Marra appreciates efforts like Nature Canada’s, but he marshals an impressive array of scientific research to demonstrate how they don’t go far enough, fast enough. Introduced to islands where the local fauna never faced such a threat, cats became the primary cause of 33 extinctions of birds, mammals and reptiles, and a key factor in another 142 steep declines or geographical range reductions. They came to North America as an invasive species 500 years ago, and still haven’t settled down as a part of the ecosystem. In part that’s because they are what Marra calls “subsidized” killers. Almost half of them are not subject to the cost of over-hunting—crashing population numbers as they run out of food—because they can just go home for a can of tuna. Many of the feral population are fed by rescuers; even when they aren’t, their numbers are replenished by their extraordinary reproduction rate and a rising tide of cat abandonments.

The poster kitty for almost every aspect of this is one Tibbles, a pregnant cat who came with a lighthouse keeper in 1894 to Stephens Island off New Zealand, the sole home of one of only three flightless songbird species in the world. Within about two years, Tibbles and her descendents accomplished the fastest bird extinction ever recorded.

It was another century before researchers began to look at the cat toll on continents, and the first findings—continually replicated since—provoked a fierce backlash, including death threats from cat lovers. “There are sharp divides in the response to free-range cats,” Marra dryly remarks, ranging from “feed them” to “shoot them.” Pointing to online profiles of local feral cat caretakers posted by Toronto-based Animal Equity, Marra stresses their compassion and their generosity in supporting feral colonies. “I don’t want to be the person who turns away,” Rachel S. is quoted. “This what I can do with my skills, my time and my energy, and I see a difference in the lives of these cats.”

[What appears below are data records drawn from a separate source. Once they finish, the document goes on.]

(* Let $n\ge 2$ and let $A\in\mathbb{R}^{n\times n}$ be a nonnegative hollow tridiagonal matrix (so $A_{ii}=0$ for all $i$ and $A_{ij}=0$ when $|i-j|>1$) such that $A_{i,i+1}A_{i+1,i}=0$ for each $i\in\{1,\dots,n-1\}$, and $A_{i,i+1}>0$ for at least one $i$. Then $r(t):=r\big((1-t)A+tA^{\top}\big)$ is strictly concave in $t$ on $(0,1)$.
   Context: $r(M)$ denotes the spectral radius of a square matrix $M$. *)

theory Defs
  imports "HOL-Analysis.Convex" "Jordan_Normal_Form.Spectral_Radius"
begin

definition strict_concave_on :: "real set \<Rightarrow> (real \<Rightarrow> real) \<Rightarrow> bool" where
  "strict_concave_on S f \<longleftrightarrow> convex S \<and>
     (\<forall>x\<in>S. \<forall>y\<in>S. x \<noteq> y \<longrightarrow> (\<forall>u::real. 0 < u \<and> u < 1 \<longrightarrow>
        f (u * x + (1 - u) * y) > u * f x + (1 - u) * f y))"

definition real_spectral_radius :: "real mat \<Rightarrow> real" where
  "real_spectral_radius M = spectral_radius (map_mat complex_of_real M)"

end

theory Submission
  imports Defs
begin

text \<open>For \<open>0 < t < 1\<close> the matrix \<open>M\<^sub>t = (1 - t) A + t A\<^sup>T\<close> is tridiagonal, and since at most
  one of \<open>a = A\<^sub>i\<^sub>,\<^sub>i\<^sub>+\<^sub>1\<close>, \<open>b = A\<^sub>i\<^sub>+\<^sub>1\<^sub>,\<^sub>i\<close> is nonzero, the product of its two
  entries in positions \<open>(i, i+1)\<close> and \<open>(i+1, i)\<close> is \<open>t (1 - t) (a + b)\<^sup>2\<close>, vanishing only
  when both entries vanish. A diagonal similarity turns such a tridiagonal matrix into the
  symmetric one whose off-diagonal entries are the square roots of these products, here
  \<open>sqrt (t (1 - t)) (A + A\<^sup>T)\<close>. Hence \<open>r(t) = sqrt (t (1 - t)) r(A + A\<^sup>T)\<close>, and
  \<open>r(A + A\<^sup>T) > 0\<close>: a positive diagonal entry of \<open>(A + A\<^sup>T)\<^sup>2\<close> makes the powers of a
  suitable multiple of \<open>A + A\<^sup>T\<close> grow geometrically, which is impossible for spectral
  radius below 1. Strict concavity of \<open>sqrt (t (1 - t))\<close> then gives the claim.\<close>

definition nonneg_mat :: "real mat \<Rightarrow> bool" where
  "nonneg_mat M \<longleftrightarrow> (\<forall>i<dim_row M. \<forall>j<dim_col M. 0 \<le> M $$ (i, j))"

lemma nonneg_mat_mult:
  assumes "X \<in> carrier_mat n m" "Y \<in> carrier_mat m k" "nonneg_mat X" "nonneg_mat Y"
  shows "nonneg_mat (X * Y)"
  using assms unfolding nonneg_mat_def by (auto simp: scalar_prod_def intro!: sum_nonneg)

lemma nonneg_mat_pow:
  assumes "M \<in> carrier_mat n n" "nonneg_mat M"
  shows "nonneg_mat (M ^\<^sub>m k)"
proof (induction k)
  case (Suc k)
  show ?case using nonneg_mat_mult[OF pow_carrier_mat[OF assms(1)] assms(1) Suc assms(2)] by simp
qed (use assms in \<open>auto simp: nonneg_mat_def\<close>)

lemma nonneg_mat_mult_entry_ge:
  assumes "X \<in> carrier_mat n n" "Y \<in> carrier_mat n n" "nonneg_mat X" "nonneg_mat Y"
    and "i < n" "j < n" "l < n"
  shows "X $$ (i, l) * Y $$ (l, j) \<le> (X * Y) $$ (i, j)"
proof -
  have "X $$ (i, l) * Y $$ (l, j) \<le> (\<Sum>l'\<in>{0..<n}. X $$ (i, l') * Y $$ (l', j))"
    using assms unfolding nonneg_mat_def
    by (intro member_le_sum[where f = "\<lambda>l'. X $$ (i, l') * Y $$ (l', j)"]) auto
  also have "\<dots> = (X * Y) $$ (i, j)"
    using assms by (simp add: scalar_prod_def)
  finally show ?thesis .
qed

lemma nonneg_mat_pow_diag_ge:
  assumes M: "M \<in> carrier_mat n n" and nonneg: "nonneg_mat M" and i: "i < n"
  shows "M $$ (i, i) ^ k \<le> (M ^\<^sub>m k) $$ (i, i)"
proof (induction k)
  case 0
  show ?case using M i by simp
next
  case (Suc k)
  have "M $$ (i, i) ^ Suc k \<le> (M ^\<^sub>m k) $$ (i, i) * M $$ (i, i)"
    using Suc nonneg M i unfolding nonneg_mat_def by (simp add: mult.commute mult_left_mono)
  also have "\<dots> \<le> (M ^\<^sub>m Suc k) $$ (i, i)"
    using nonneg_mat_mult_entry_ge[OF pow_carrier_mat[OF M] M nonneg_mat_pow[OF M nonneg] nonneg i i i]
    by simp
  finally show ?case .
qed

lemma pow_mat_add:
  assumes "A \<in> carrier_mat n n"
  shows "A ^\<^sub>m (k + l) = A ^\<^sub>m k * A ^\<^sub>m l"
  by (induction l) (use assms in \<open>auto simp: assoc_mult_mat[of _ n n _ n _ n]\<close>)

lemma pow_mat_mult:
  assumes "A \<in> carrier_mat n n"
  shows "A ^\<^sub>m (m * k) = (A ^\<^sub>m m) ^\<^sub>m k"
proof (induction k)
  case (Suc k)
  have "A ^\<^sub>m (m * Suc k) = A ^\<^sub>m (m * k) * A ^\<^sub>m m"
    by (metis pow_mat_add[OF assms] mult_Suc_right add.commute)
  then show ?case using Suc by simp
qed (use assms in auto)

lemma pow_mat_smult:
  fixes c :: "'a :: comm_semiring_1"
  assumes "A \<in> carrier_mat n n"
  shows "(c \<cdot>\<^sub>m A) ^\<^sub>m k = c ^ k \<cdot>\<^sub>m A ^\<^sub>m k"
proof (induction k)
  case (Suc k)
  have "(c \<cdot>\<^sub>m A) ^\<^sub>m Suc k = c ^ k \<cdot>\<^sub>m A ^\<^sub>m k * (c \<cdot>\<^sub>m A)"
    using Suc by simp
  also have "\<dots> = c \<cdot>\<^sub>m (c ^ k \<cdot>\<^sub>m (A ^\<^sub>m k * A))"
    using mult_smult_distrib[of "c ^ k \<cdot>\<^sub>m A ^\<^sub>m k" n n A n c]
      mult_smult_assoc_mat[of "A ^\<^sub>m k" n n A n "c ^ k"] assms by simp
  also have "\<dots> = c ^ Suc k \<cdot>\<^sub>m A ^\<^sub>m Suc k"
    by (rule eq_matI) (auto simp: mult.assoc)
  finally show ?case .
qed (use assms in auto)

Cat in the grass. (Istock)
Cat in the grass. (Istock)

What Marra sees is a chasm in world view: “To advocates, the rights of the individual animal—each kitten, momma or tom—are paramount,” and the danger to undifferentiated birds, their individualism not recognized, is ignored. That’s a realization that prompts one of the most emotional lines in Cat Wars: If more people “had the chance to hold a songbird, look closely into its tiny eyes and feel its fluttering heart,” they might think differently. But because of the intensity of their focus on individual cats, Marra adds, advocates can rival anti-vaxxers or climate-change skeptics in “aggressively contesting” scientists’ findings.

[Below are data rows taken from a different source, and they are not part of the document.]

(* Let $K\ge2$, $\varepsilon>0$, $Z^*\in\mathbb{R}^K_{>0}$, and $\gamma\in\mathcal{P}^\varepsilon(K)$ (the value of the rung density at the current $\mu$). For $\eta\ge0$ and $Z\in\mathbb{R}^K_{>0}$ let $o^*_\eta(Z)$ be the steady state of the tilt mean field, i.e. the solution $o\in\mathbb{R}^K_{>0}$ of $g^o_k(\pi^{\mathrm{TSS},\eta}(o),Z,o)=0$ for all $k$, and define $$D_\eta(Z)=\nabla_Z V_\gamma(Z)\cdot g^Z\big(\pi^{\mathrm{TSS},\eta}(o^*_\eta(Z)),Z\big),$$ the time derivative of $V_\gamma(Z(t))$ at the point $Z$ along the ODE $\dot Z=g^Z(\pi^{\mathrm{TSS},\eta}(o^*_\eta(Z)),Z)$. Then for all $Z\in\mathbb{R}^K_{>0}$ and all $\eta'>\eta\ge0$, $$D_{\eta'}(Z)\le D_\eta(Z)\le 0,$$ and both inequalities are strict unless $Z$ is a scalar multiple of $Z^*$, in which case both derivatives equal $0$.
   Context: $\mathcal{P}^\varepsilon(K)$ is the set of probability vectors on $\{1,\dots,K\}$ with all entries $\ge\varepsilon$. For $\pi\in\mathcal P^\varepsilon(K)$ and $Z\in\mathbb{R}^K_{>0}$, the mean field of the partition function estimates is $g^Z_k(\pi,Z)=\dfrac{Z_k^*}{\sum_\ell\pi_\ell Z^*_\ell/Z_\ell}-Z_k$, and the mean field of the tilts is $g^o_k(\pi,Z,o)=\dfrac{1}{\gamma_k}\dfrac{\pi_kZ_k^*/Z_k}{\sum_\ell\pi_\ell Z_\ell^*/Z_\ell}-o_k$. The (unregularized) visit-control rung density with parameter $\eta\ge0$ is $\pi^{\mathrm{TSS},\eta}_k(o)=\dfrac{\gamma_k o_k^{-\eta}}{\sum_\ell\gamma_\ell o_\ell^{-\eta}}$. The Lyapunov function is the relative entropy $V_\gamma(Z)=-\sum_k\gamma_k\log(r_k/\gamma_k)$ with $r_k=\dfrac{\gamma_kZ_k^*/Z_k}{\sum_\ell\gamma_\ell Z^*_\ell/Z_\ell}$. *)

theory Defs
  imports "HOL-Analysis.Analysis"
begin

text \<open>Vectors in R^K are modelled as real^'k for a finite index type 'k with CARD('k) = K.\<close>

definition Peps :: "real \<Rightarrow> (real^'k::finite) set" where
  "Peps \<epsilon> = {p. (\<forall>k. p$k \<ge> \<epsilon>) \<and> (\<Sum>k\<in>UNIV. p$k) = 1}"

definition gZ :: "real^'k::finite \<Rightarrow> real^'k \<Rightarrow> real^'k \<Rightarrow> real^'k" where
  "gZ Zs \<pi> Z = (\<chi> k. Zs$k / (\<Sum>l\<in>UNIV. \<pi>$l * Zs$l / Z$l) - Z$k)"

definition go :: "real^'k::finite \<Rightarrow> real^'k \<Rightarrow> real^'k \<Rightarrow> real^'k \<Rightarrow> real^'k \<Rightarrow> real^'k" where
  "go \<gamma> Zs \<pi> Z ot = (\<chi> k. (1 / \<gamma>$k) * ((\<pi>$k * Zs$k / Z$k) / (\<Sum>l\<in>UNIV. \<pi>$l * Zs$l / Z$l)) - ot$k)"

Cats, in fact, suffer cruelly from the sort of half-individualization they have secured in the popular imagination. As a friend told Marra, “If you and I are going out to a restaurant and there’s a dog hovering about the dumpster, well, there goes the evening. We’ll spend it corralling the dog, identifying it, getting animal services involved—whatever we needed to do to restore that dog to its home. A cat? We’d barely notice.” Instead, we have “become the no-kill generation,” says Marra, at least for some, the turning away of fresh admission by overcrowded shelters is the major reason that people simply abandon their cats.

What North America needs, Marra argues, is the kind of attitude change that brought pet dogs to that status and turned littering into a social sin. It will take more than a generation, he thinks, and in the meantime, as long as large numbers of people keep abandoning cats in a way they’d never dream of with dogs, some of those cats will have to euthanized. It would start with feral colonies near reservoirs—cats are vectors for water-borne diseases, including toxoplasmosis, an under-reported disease linked to mental illnesses from depression to schizophrenia—and near the habitats of endangered bird species. “Those cats would be trapped if possible and poisoned if not. After being neutered, the trapped cats would be adopted or put to sleep. It’s that simple.”